While the Philippine Passport Act of 1996 (RA 8239) does not explicitly impose the use of a husband’s surname when applying for a passport. The Department of Foreign Affairs allowed a married woman to use her maiden name in her first-time application if she chooses to.
However, if the woman opted to use her husband’s surname during her first time application, she can only revert to her maiden name in case of the death of her husband, divorce, annulment or nullity of marriage.
Struggles to retain the maiden name
Despite being married, a woman is not under obligation to use her husband’s name. However, in reality, many married women who opted to retain their maiden names experienced difficulties in securing documents such as applying to open a bank account and insurance policies.
In 2002, I applied for a Social Security System (SSS) number in our hometown. As I wrote my name, the staff told me to change my name since I am already married. I told her about CEDAW to the point of arguing, but in the end, I yielded, otherwise, I wouldn’t be issued with SSS. It was the same when I bought an insurance policy in the Philippines in 2016. I already paid the initial amount needed. But the company sent me emails requiring me to change my name. This time, I told them that if they would not approve my name, I would discontinue the insurance, and they must return my payment.
To address these grievances, the Philippine Commission on Women issued Memorandum Circular 2016-07 on October 12, 2016, addressed to all government and private institutions to allow married women to retain and use their maiden name under existing laws.
Why does a woman use the husband’s family name?
For many women, using their husbands’ names meant solidifying their commitment to their vows and embracing their spouses’ families. However, using the husband’s name is deeply rooted in patriarchy, and a creation of the capitalist societies, as described by Frederick Engels in The Origin of the Family, Private Property and the State.
Furthermore, the monogamous marriage was invented by patriarchy as assurance that all the heirs or progeny belong to the husband – the wife and the children becomes “private properties”. Hence, they must be named after the husband or the father. And those named after the father would have inheritance, including the wife.
The religious tradition also plays a role in why women have to change their names. Although it is not explicit, during the wedding vows, the couple is reminded that ‘Therefore a man shall leave his father and his mother and hold fast to his wife, and the two shall become one flesh’ (Mt. 19:5).
In the Philippines, family name plays an important role in politics. The larger the family, the more recognizable the name, the better chance in politics. It is not unusual to ask about the father’s name even in barangay (villages) especially during the campaign period.

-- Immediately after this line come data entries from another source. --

lemma ideal_of_cyclic_plus_generate:
  "ideal_of G M (cyclic_plus a star_center) (cyclic_plus a (generate G {a \<star> a}))"
proof -
  have aa: "a \<star> a \<in> star_center"
    using second_star_center_star(1)[OF a, of a] by simp
  have gen_subgroup: "subgroup (generate G {a \<star> a}) G"
    using G.generate_is_subgroup star_center_carrier[OF aa] by simp
  have gen_center: "generate G {a \<star> a} \<subseteq> star_center"
    using G.generate_subgroup_incl[OF _ subgroup_star_center] aa by blast
  have gen: "generate G {a \<star> a} = {(a \<star> a) [^]\<^bsub>G\<^esub> (k::int) | k. k \<in> UNIV}"
    using G.generate_pow star_center_carrier[OF aa] by blast
  have "subbrace G M (cyclic_plus a (generate G {a \<star> a}))"
    using gen_subgroup gen_center generate.incl[of "a \<star> a"] by (intro subbrace_cyclic_plus) auto
  moreover have "cyclic_plus a (generate G {a \<star> a}) \<subseteq> cyclic_plus a star_center"
    using gen_center unfolding cyclic_plus_def by blast
  moreover have "y \<star> x \<in> cyclic_plus a (generate G {a \<star> a})
      \<and> x \<star> y \<in> cyclic_plus a (generate G {a \<star> a})"
    if yJ: "y \<in> cyclic_plus a star_center"
      and xI: "x \<in> cyclic_plus a (generate G {a \<star> a})" for x y
  proof -
    obtain k u n v where y: "y = a [^]\<^bsub>G\<^esub> (k::int) \<oplus> u" and u: "u \<in> star_center"
      and x: "x = a [^]\<^bsub>G\<^esub> (n::int) \<oplus> v" and v: "v \<in> generate G {a \<star> a}"
      using yJ xI unfolding cyclic_plus_def by blast
    note uG = star_center_carrier[OF u] and vZ = subsetD[OF gen_center v]
    have "y \<star> a = (a \<star> a) [^]\<^bsub>G\<^esub> k" "a \<star> y = (a \<star> a) [^]\<^bsub>G\<^esub> k"
      using y u by (simp_all add: star_cyclic_plus_left star_cyclic_plus_right)
    then have "y \<star> x = (a \<star> a) [^]\<^bsub>G\<^esub> (k * n)" "x \<star> y = (a \<star> a) [^]\<^bsub>G\<^esub> (k * n)"
      using x y uG vZ star_center_carrier[OF aa]
      by (simp_all add: star_cyclic_plus_left star_cyclic_plus_right G.int_pow_pow)
    moreover have "(a \<star> a) [^]\<^bsub>G\<^esub> (k * n) \<in> cyclic_plus a (generate G {a \<star> a})"
      using subset_cyclic_plus[OF subgroup.subset[OF gen_subgroup]] gen by blast
    ultimately show ?thesis
      by simp
  qed
  ultimately show ?thesis
    unfolding ideal_of_def by blast
qed

end

lemma star_mem_cyclic_plus_generate:
  assumes T: "T_brace G M" and a: "a \<in> second_star_center" and y: "y \<in> carrier G"
  shows "y \<star> a \<in> cyclic_plus a (generate G {a \<star> a})"
    and "a \<star> y \<in> cyclic_plus a (generate G {a \<star> a})"
proof -
  have "brace_ideal G M (cyclic_plus a (generate G {a \<star> a}))"
    using T ideal_of_cyclic_plus_generate[OF a] brace_ideal_cyclic_plus_star_center[OF a]
    unfolding T_brace_def by blast
  moreover have "a \<in> cyclic_plus a (generate G {a \<star> a})"
    using second_star_center_carrier[OF a] generate.one[of G "{a \<star> a}"] unfolding cyclic_plus_def
    by (auto intro!: exI[of _ 1] exI[of _ \<zero>])
  ultimately show "y \<star> a \<in> cyclic_plus a (generate G {a \<star> a})"
    and "a \<star> y \<in> cyclic_plus a (generate G {a \<star> a})"
    using y unfolding brace_ideal_def ideal_of_def by auto
qed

Although in the pre-colonial Philippines, our ancestors were either named after their place of origin or after their father’s name, the women, either married or not lived in an egalitarian society where they could have the same privileges equal to men of the same rank.
Today, even though a married woman does not use her husband’s family name, she is still known by her father’s surname. Does it make a difference? We’ll see.